** ABOUT THIS EXERCISE **
Here are some records. Copy each one exactly.

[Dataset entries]
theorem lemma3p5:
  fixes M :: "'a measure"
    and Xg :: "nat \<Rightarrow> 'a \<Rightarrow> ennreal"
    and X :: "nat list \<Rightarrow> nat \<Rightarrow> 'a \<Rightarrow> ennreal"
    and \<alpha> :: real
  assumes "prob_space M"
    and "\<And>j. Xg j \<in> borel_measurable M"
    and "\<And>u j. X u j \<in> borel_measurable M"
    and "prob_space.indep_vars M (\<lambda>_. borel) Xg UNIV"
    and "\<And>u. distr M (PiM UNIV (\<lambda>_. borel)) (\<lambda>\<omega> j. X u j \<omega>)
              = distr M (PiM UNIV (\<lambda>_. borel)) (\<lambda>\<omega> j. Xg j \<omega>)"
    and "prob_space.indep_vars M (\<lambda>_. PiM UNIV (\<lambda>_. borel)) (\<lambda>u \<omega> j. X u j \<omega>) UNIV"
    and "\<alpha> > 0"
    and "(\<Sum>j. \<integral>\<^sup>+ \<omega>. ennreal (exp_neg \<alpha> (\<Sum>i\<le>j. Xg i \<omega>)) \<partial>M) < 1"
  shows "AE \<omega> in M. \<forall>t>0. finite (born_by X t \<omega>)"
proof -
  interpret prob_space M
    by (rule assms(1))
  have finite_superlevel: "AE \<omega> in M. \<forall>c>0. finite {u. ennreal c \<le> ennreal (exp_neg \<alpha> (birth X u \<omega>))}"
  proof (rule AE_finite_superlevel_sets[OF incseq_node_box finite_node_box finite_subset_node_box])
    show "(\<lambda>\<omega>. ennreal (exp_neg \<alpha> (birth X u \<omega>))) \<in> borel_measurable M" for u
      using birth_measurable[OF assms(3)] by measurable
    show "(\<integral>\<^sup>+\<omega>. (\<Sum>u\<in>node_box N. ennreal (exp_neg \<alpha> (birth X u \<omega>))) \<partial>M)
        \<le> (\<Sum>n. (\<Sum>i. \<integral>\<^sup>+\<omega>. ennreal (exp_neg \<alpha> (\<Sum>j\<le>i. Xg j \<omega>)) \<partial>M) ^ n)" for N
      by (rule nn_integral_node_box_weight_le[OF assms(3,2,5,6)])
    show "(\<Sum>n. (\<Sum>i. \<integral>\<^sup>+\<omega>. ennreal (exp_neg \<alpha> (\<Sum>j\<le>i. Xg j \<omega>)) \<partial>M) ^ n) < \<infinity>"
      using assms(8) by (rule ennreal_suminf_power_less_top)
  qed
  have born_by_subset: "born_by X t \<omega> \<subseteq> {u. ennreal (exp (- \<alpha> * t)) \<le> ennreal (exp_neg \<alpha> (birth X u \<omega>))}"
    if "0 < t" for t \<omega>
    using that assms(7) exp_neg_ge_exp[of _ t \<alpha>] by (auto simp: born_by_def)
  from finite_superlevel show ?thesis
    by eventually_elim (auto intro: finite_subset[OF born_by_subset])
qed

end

** RESULT **
theorem lemma3p5:
  fixes M :: "'a measure"
    and Xg :: "nat \<Rightarrow> 'a \<Rightarrow> ennreal"
    and X :: "nat list \<Rightarrow> nat \<Rightarrow> 'a \<Rightarrow> ennreal"
    and \<alpha> :: real
  assumes "prob_space M"
    and "\<And>j. Xg j \<in> borel_measurable M"
    and "\<And>u j. X u j \<in> borel_measurable M"
    and "prob_space.indep_vars M (\<lambda>_. borel) Xg UNIV"
    and "\<And>u. distr M (PiM UNIV (\<lambda>_. borel)) (\<lambda>\<omega> j. X u j \<omega>)
              = distr M (PiM UNIV (\<lambda>_. borel)) (\<lambda>\<omega> j. Xg j \<omega>)"
    and "prob_space.indep_vars M (\<lambda>_. PiM UNIV (\<lambda>_. borel)) (\<lambda>u \<omega> j. X u j \<omega>) UNIV"
    and "\<alpha> > 0"
    and "(\<Sum>j. \<integral>\<^sup>+ \<omega>. ennreal (exp_neg \<alpha> (\<Sum>i\<le>j. Xg i \<omega>)) \<partial>M) < 1"
  shows "AE \<omega> in M. \<forall>t>0. finite (born_by X t \<omega>)"
proof -
  interpret prob_space M
    by (rule assms(1))
  have finite_superlevel: "AE \<omega> in M. \<forall>c>0. finite {u. ennreal c \<le> ennreal (exp_neg \<alpha> (birth X u \<omega>))}"
  proof (rule AE_finite_superlevel_sets[OF incseq_node_box finite_node_box finite_subset_node_box])
    show "(\<lambda>\<omega>. ennreal (exp_neg \<alpha> (birth X u \<omega>))) \<in> borel_measurable M" for u
      using birth_measurable[OF assms(3)] by measurable
    show "(\<integral>\<^sup>+\<omega>. (\<Sum>u\<in>node_box N. ennreal (exp_neg \<alpha> (birth X u \<omega>))) \<partial>M)
        \<le> (\<Sum>n. (\<Sum>i. \<integral>\<^sup>+\<omega>. ennreal (exp_neg \<alpha> (\<Sum>j\<le>i. Xg j \<omega>)) \<partial>M) ^ n)" for N
      by (rule nn_integral_node_box_weight_le[OF assms(3,2,5,6)])
    show "(\<Sum>n. (\<Sum>i. \<integral>\<^sup>+\<omega>. ennreal (exp_neg \<alpha> (\<Sum>j\<le>i. Xg j \<omega>)) \<partial>M) ^ n) < \<infinity>"
      using assms(8) by (rule ennreal_suminf_power_less_top)
  qed
  have born_by_subset: "born_by X t \<omega> \<subseteq> {u. ennreal (exp (- \<alpha> * t)) \<le> ennreal (exp_neg \<alpha> (birth X u \<omega>))}"
    if "0 < t" for t \<omega>
    using that assms(7) exp_neg_ge_exp[of _ t \<alpha>] by (auto simp: born_by_def)
  from finite_superlevel show ?thesis
    by eventually_elim (auto intro: finite_subset[OF born_by_subset])
qed

end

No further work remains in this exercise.